Epimênides de
Creta – (630 a 500) a.C
Autor: Alysomax
Soares
Introdução
Foi um filósofo
grego do período arcaico que viveu na ilha de Creta. Pode ser considerado um
filósofo hiperbóreo. Seu nome figura em algumas listas como sendo um dos sete sábios
da Grécia antiga. Ele também foi poeta, místico e profeta. Seus estudos
místicos lhe renderam a fama de “homem estranho”. Foi descrito
por alguns historiadores como sendo uma espécie de mago. Muitos pesquisadores
divergem sobre a parte exata da ilha onde ele nasceu, porém todos concordam que
seria em uma cidade situada dentro da ilha de Creta. Teria sido criado em uma
família de pastores e era visto como um dos poucos filósofos, dessa época, que
acreditava no monoteísmo, isto é, na crença em apenas um único Deus.
Conceituava que
não era possível ao homem conhecer certos mistérios de Deus, dessa forma,
refutava alguns mitos descritos pelos oráculos. Escreveu algumas obras em
versos os quais se perderam no tempo. Suas obras transcorriam sobre temas de
caráter teogônico, cosmogônico e mitológico, diante disso, elas conectavam
noções de natureza, arte, religião e política. Foi provavelmente o inventor do
gancho e do arado. Esteve em Atenas na época do famoso legislador Sólon, tendo
inclusive o ajudado em algumas reformas religiosas, políticas e jurídicas.
Utilizava cabelos longos, fato esquisito para a cultura onde ele
vivia. Estranha-se também o fato de seu corpo ter sido encontrado coberto
de tatuagens enigmáticas, pois essa prática era incomum na Grécia antiga.

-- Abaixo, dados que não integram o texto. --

(* Let $E\to X$ be a rank $n$ vector bundle on a nonsingular variety $X$ over an algebraically closed field, let $\nu=(\nu_1>\cdots>\nu_k>0)$ be a strict partition with $k\le n$, and set $\lambda=\nu0^{n-k}=(\nu_1,\dots,\nu_k,0,\dots,0)$. Then $$P_\lambda(E;t)=(\tau_E^k)_*\Bigl(x_1^{\nu_1}\cdots x_k^{\nu_k}\prod_{1\le i<j\le n,\ i\le k}(x_i-tx_j)\Bigr).$$
   Context: $t$ is an indeterminate, push-forwards act coefficientwise in $t$. For a sequence $\lambda$ of $n$ nonnegative integers, $R_\lambda(E;t)=(\tau_E)_*\bigl(x_1^{\lambda_1}\cdots x_n^{\lambda_n}\prod_{i<j}(x_i-tx_j)\bigr)$, where $\tau_E:Fl(E)\to X$ is the complete flag bundle of quotients of ranks $n,\dots,1$ and $(\tau_E)_*f(x)=\sum_{w\in S_n}w\bigl(f(y)/\prod_{i<j}(y_i-y_j)\bigr)$ evaluated at the Chern roots of $E$. $v_m(t)=\prod_{i=1}^m\frac{1-t^i}{1-t}$, $v_\lambda(t)=\prod_iv_{m_i}(t)$ where $m_i$ are the sizes of the level sets of $\lambda$, and $P_\lambda(E;t)=R_\lambda(E;t)/v_\lambda(t)$. $\tau_E^k:Fl^k(E)\to X$ is the flag bundle parametrizing flags of quotients of $E$ of ranks $k,k-1,\dots,1$, and for a polynomial $f$ symmetric in $y_{k+1},\dots,y_n$, $(\tau^k_E)_*f(x)=\sum_{w\in S_n/S_{n-k}}w\bigl(f(y)/\prod_{i<j,\,i\le k}(y_i-y_j)\bigr)$ evaluated at the Chern roots of $E$. *)

theory Defs
  imports "HOL-Combinatorics.Permutations"
begin

text \<open>Chern roots are modelled as pairwise distinct elements y 0, ..., y (n-1) of a field
  of characteristic 0; variables are indexed from 0. A permutation w acts by
  (w f)(y) = f (y o w).\<close>

definition perms :: "nat \<Rightarrow> (nat \<Rightarrow> nat) set" where
  "perms n = {w. w permutes {..<n}}"

definition gysin_full ::
  "nat \<Rightarrow> ((nat \<Rightarrow> 'a::field) \<Rightarrow> 'a) \<Rightarrow> (nat \<Rightarrow> 'a) \<Rightarrow> 'a" where
  "gysin_full n f y =
     (\<Sum>w\<in>perms n. f (y \<circ> w) /
        (\<Prod>i<n. \<Prod>j\<in>{i<..<n}. (y (w i) - y (w j))))"

text \<open>Partial flag bundle push-forward: sum over the cosets w S_{n-k} of S_n/S_{n-k},
  where S_{n-k} permutes the last n-k indices. A coset is determined by the restriction
  of w to the first k indices; we evaluate at a chosen representative (well defined
  for f symmetric in the last n-k variables).\<close>
definition cosets_k :: "nat \<Rightarrow> nat \<Rightarrow> (nat \<Rightarrow> nat) set" where
  "cosets_k n k = (\<lambda>w. restrict w {..<k}) ` perms n"

definition coset_rep :: "nat \<Rightarrow> nat \<Rightarrow> (nat \<Rightarrow> nat) \<Rightarrow> (nat \<Rightarrow> nat)" where
  "coset_rep n k c = (SOME w. w \<in> perms n \<and> restrict w {..<k} = c)"

definition gysin_partial ::
  "nat \<Rightarrow> nat \<Rightarrow> ((nat \<Rightarrow> 'a::field) \<Rightarrow> 'a) \<Rightarrow> (nat \<Rightarrow> 'a) \<Rightarrow> 'a" where
  "gysin_partial n k f y =
     (\<Sum>c\<in>cosets_k n k. let w = coset_rep n k c in
        f (y \<circ> w) / (\<Prod>i<k. \<Prod>j\<in>{i<..<n}. (y (w i) - y (w j))))"

definition R_poly :: "nat list \<Rightarrow> 'a::field \<Rightarrow> (nat \<Rightarrow> 'a) \<Rightarrow> 'a" where
  "R_poly lam t y = gysin_full (length lam)
     (\<lambda>x. (\<Prod>i<length lam. x i ^ (lam ! i)) *
          (\<Prod>i<length lam. \<Prod>j\<in>{i<..<length lam}. (x i - t * x j))) y"

text \<open>v_m(t) = prod_{i=1}^m (1-t^i)/(1-t), written with (1-t^i)/(1-t) = sum_{j<i} t^j.\<close>
definition v_m :: "nat \<Rightarrow> 'a::field \<Rightarrow> 'a" where
  "v_m m t = (\<Prod>i\<in>{1..m}. \<Sum>j<i. t ^ j)"

definition v_lam :: "nat list \<Rightarrow> 'a::field \<Rightarrow> 'a" where
  "v_lam lam t = (\<Prod>a\<in>set lam. v_m (count_list lam a) t)"

definition P_poly :: "nat list \<Rightarrow> 'a::field \<Rightarrow> (nat \<Rightarrow> 'a) \<Rightarrow> 'a" where
  "P_poly lam t y = R_poly lam t y / v_lam lam t"

end

theory Submission
  imports Defs "HOL-Combinatorics.Multiset_Permutations"
begin

text \<open>Group the sum over \<open>S\<^sub>n\<close> defining \<open>R\<^sub>\<lambda>\<close> along the cosets \<open>w S\<^sub>n\<^sub>-\<^sub>k\<close>. Since \<open>\<lambda>\<close> vanishes
  beyond position \<open>k\<close>, the integrand is \<open>g(x) \<Prod>\<^bsub>k\<le>i<j\<^esub> (x\<^sub>i - t x\<^sub>j)\<close> with \<open>g\<close> the integrand
  of the partial push-forward, and the summand at \<open>w\<close> is the summand of \<open>g\<close> at the coset of
  \<open>w\<close> times \<open>\<Prod>\<^bsub>k\<le>i<j\<^esub> (y\<^sub>w\<^sub>i - t y\<^sub>w\<^sub>j) / (y\<^sub>w\<^sub>i - y\<^sub>w\<^sub>j)\<close>. Summed over a coset, the second factor
  is the symmetrisation of the Hall-Littlewood factor in the \<open>n - k\<close> remaining roots, which
  equals \<open>v\<^sub>n\<^sub>-\<^sub>k(t)\<close>; and \<open>v\<^sub>n\<^sub>-\<^sub>k(t) = v\<^sub>\<lambda>(t)\<close> because the nonzero parts of \<open>\<lambda>\<close> are distinct.

  The symmetrisation identity follows by induction on the number of roots, splitting by
  the root placed first: the weights \<open>\<Prod>\<^bsub>j\<noteq>a\<^esub> (z\<^sub>a - t z\<^sub>j) / (z\<^sub>a - z\<^sub>j)\<close> of these choices add
  up to \<open>1 + t + \<dots> + t\<^sup>m\<^sup>-\<^sup>1\<close>. This in turn comes from the interpolation identity
  \<open>u (1 - t) \<Sum>\<^sub>a weight\<^sub>a \<Prod>\<^bsub>j\<noteq>a\<^esub> (u - z\<^sub>j) = \<Prod>\<^sub>j (u - t z\<^sub>j) - t\<^sup>m \<Prod>\<^sub>j (u - z\<^sub>j)\<close>,
  proved by adding one root at a time.\<close>

lemma prod_lessThan_split: "k \<le> (n::nat) \<Longrightarrow> prod f {..<n} = prod f {..<k} * prod f {k..<n}"
  by (simp add: lessThan_atLeast0 prod.atLeastLessThan_concat)

lemma prod_atLeastLessThan_shift: "k \<le> (n::nat) \<Longrightarrow> prod f {k..<n} = (\<Prod>i<n - k. f (k + i))"
  by (rule prod.reindex_bij_witness[where i="\<lambda>i. k + i" and j="\<lambda>i. i - k"]) auto

lemma prod_greaterThanLessThan_shift:
  "k \<le> (n::nat) \<Longrightarrow> prod f {k + i<..<n} = (\<Prod>j\<in>{i<..<n - k}. f (k + j))"
  by (rule prod.reindex_bij_witness[where i="\<lambda>i. k + i" and j="\<lambda>i. i - k"]) auto

lemma permutes_image_atLeastLessThan:
  fixes n k :: nat
  assumes "w permutes {..<n}" "k \<le> n"
  shows "w ` {k..<n} = {..<n} - w ` {..<k}"
proof -
  have "w ` {k..<n} = w ` ({..<n} - {..<k})"
    using assms(2) by (intro arg_cong[where f="image w"]) auto
  also have "\<dots> = w ` {..<n} - w ` {..<k}"
    by (rule image_set_diff[OF permutes_inj[OF assms(1)]])
  finally show ?thesis using permutes_image[OF assms(1)] by simp
qed

lemma card_permutes_image_complement:
  fixes n k :: nat
  assumes "w permutes {..<n}" "k \<le> n"
  shows "card ({..<n} - w ` {..<k}) = n - k"
  using permutes_image_atLeastLessThan[OF assms, symmetric]
  by (simp add: card_image permutes_inj_on[OF assms(1)])

lemma prod_greaterThanLessThan_permutes:
  fixes n k i :: nat
  assumes w: "w permutes {..<n}" and "i < k" "k \<le> n"
  shows "(\<Prod>j\<in>{i<..<n}. h (w j)) = (\<Prod>j\<in>{i<..<k}. h (w j)) * (\<Prod>v\<in>{..<n} - w ` {..<k}. h v)"
proof -
  have "{i<..<n} = {i<..<k} \<union> {k..<n}" "{i<..<k} \<inter> {k..<n} = {}" using assms by auto
  then have "(\<Prod>j\<in>{i<..<n}. h (w j)) = (\<Prod>j\<in>{i<..<k}. h (w j)) * (\<Prod>j\<in>{k..<n}. h (w j))"
    by (simp add: prod.union_disjoint)
  also have "(\<Prod>j\<in>{k..<n}. h (w j)) = (\<Prod>v\<in>w ` {k..<n}. h v)"
    by (simp add: prod.reindex permutes_inj_on[OF w])
  finally show ?thesis using permutes_image_atLeastLessThan[OF w \<open>k \<le> n\<close>] by simp
qed

lemma permutes_extend_prefix:
  fixes n k :: nat
  assumes w0: "w0 permutes {..<n}" and kn: "k \<le> n"
    and xs: "xs \<in> permutations_of_set ({..<n} - w0 ` {..<k})"
  shows "(\<lambda>m. if m < k then w0 m else if m < n then xs ! (m - k) else m) permutes {..<n}"
    (is "?w permutes _")
proof (rule bij_imp_permutes)
  have set_xs: "set xs = {..<n} - w0 ` {..<k}" and "distinct xs"
    using xs by (auto dest: permutations_of_setD)
  then have len: "length xs = n - k"
    using card_permutes_image_complement[OF w0 kn] by (metis distinct_card)
  have tail: "?w ` {k..<n} = set xs"
  proof (intro equalityI subsetI)
    fix v assume "v \<in> ?w ` {k..<n}"
    then show "v \<in> set xs" using len by auto
  next
    fix v assume "v \<in> set xs"
    then obtain i where "i < n - k" "v = xs ! i" using len by (auto simp: in_set_conv_nth)
    then show "v \<in> ?w ` {k..<n}" by (intro image_eqI[where x="k + i"]) auto
  qed
  have "{..<n} = {..<k} \<union> {k..<n}" using kn by auto
  then have "?w ` {..<n} = ?w ` {..<k} \<union> ?w ` {k..<n}" by (metis image_Un)
  also have "\<dots> = {..<n}"
    using tail set_xs permutes_image[OF w0] kn by auto
  finally have image: "?w ` {..<n} = {..<n}" .
  then have "inj_on ?w {..<n}" by (simp add: inj_on_iff_eq_card)
  then show "bij_betw ?w {..<n} {..<n}" using image by (simp add: bij_betw_def)
qed (use kn in auto)

definition first_factor :: "(nat \<Rightarrow> 'a::field) \<Rightarrow> 'a \<Rightarrow> nat set \<Rightarrow> nat \<Rightarrow> 'a" where
  "first_factor z t A a = (\<Prod>j\<in>A - {a}. (z a - t * z j) / (z a - z j))"

lemma first_factor_insert_other:
  fixes z :: "nat \<Rightarrow> 'a::field"
  assumes "finite A" "b \<notin> A" "a \<in> A" "z a \<noteq> z b"
  shows "first_factor z t (insert b A) a
           = first_factor z t A a - (1 - t) * z b * (first_factor z t A a / (z b - z a))"
proof -
  have "insert b A - {a} = insert b (A - {a})" using assms by auto
  then have "first_factor z t (insert b A) a
               = first_factor z t A a * ((z a - t * z b) / (z a - z b))"
    unfolding first_factor_def using assms by (simp add: mult.commute)
  then show ?thesis using assms(4) by (simp add: field_simps)
qed

text \<open>The interpolation identity for \<open>A\<close> determines the weight of a new point \<open>b\<close>: evaluate
  it at \<open>u = z b\<close>.\<close>
lemma first_factor_insert_self:
  fixes z :: "nat \<Rightarrow> 'a::field"
  assumes fin: "finite A" and b: "b \<notin> A" and inj: "inj_on z (insert b A)"
    and interp: "\<And>u. u * (1 - t) * (\<Sum>a\<in>A. first_factor z t A a * (\<Prod>j\<in>A - {a}. u - z j))
                     = (\<Prod>j\<in>A. u - t * z j) - t ^ card A * (\<Prod>j\<in>A. u - z j)"
  shows "first_factor z t (insert b A) b
           = t ^ card A + (1 - t) * z b * (\<Sum>a\<in>A. first_factor z t A a / (z b - z a))"
proof -
  have zb: "z b \<noteq> z a" if "a \<in> A" for a using inj b that by (auto simp: inj_on_def)
  define P where "P = (\<Prod>j\<in>A. z b - z j)"
  have P_nz: "P \<noteq> 0" unfolding P_def using fin zb by simp
  have P_remove: "P = (z b - z a) * (\<Prod>j\<in>A - {a}. z b - z j)" if "a \<in> A" for a
    unfolding P_def using fin that by (simp add: prod.remove)
  have "(\<Sum>a\<in>A. first_factor z t A a * (\<Prod>j\<in>A - {a}. z b - z j))
          = P * (\<Sum>a\<in>A. first_factor z t A a / (z b - z a))"
    unfolding sum_distrib_left using zb by (intro sum.cong) (simp_all add: P_remove)
  then have "(\<Prod>j\<in>A. z b - t * z j)
               = P * (t ^ card A + (1 - t) * z b * (\<Sum>a\<in>A. first_factor z t A a / (z b - z a)))"
    using interp[of "z b"] unfolding P_def by (simp add: algebra_simps)
  moreover have "first_factor z t (insert b A) b = (\<Prod>j\<in>A. z b - t * z j) / P"
    unfolding first_factor_def P_def using fin b by (simp add: prod_dividef)
  ultimately show ?thesis using P_nz by simp
qed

Floresceu aproximadamente entre os anos 630 a.C a 500 a.C.
Filosofia da Natureza
Sua teogonia se
ancorava na ideia de que o universo teria se formado a partir de cinco estágios
inicias da matéria. Para Epimênides, dentro desses estágios iniciais, havia uma
dualidade de princípios que originavam tudo no universo, esses princípios seria
o “ar” e a “noite”, assim sendo, ele acreditava
que para a realidade ser formada, o “ar” se unia a “noite” e
a “noite” se unia ao “ar”, nesse sentido, a
composição desses dois princípios determinavam as formas e criavam outros
princípios, tornando tudo visível. Dessa maneira, o “ar” e a “noite” formavam
todas as coisas. Eles originavam inicialmente o “tártaro”, depois se
formaria o “oceano-terra”, e desse elemento se daria origem o “ovo-primordial”.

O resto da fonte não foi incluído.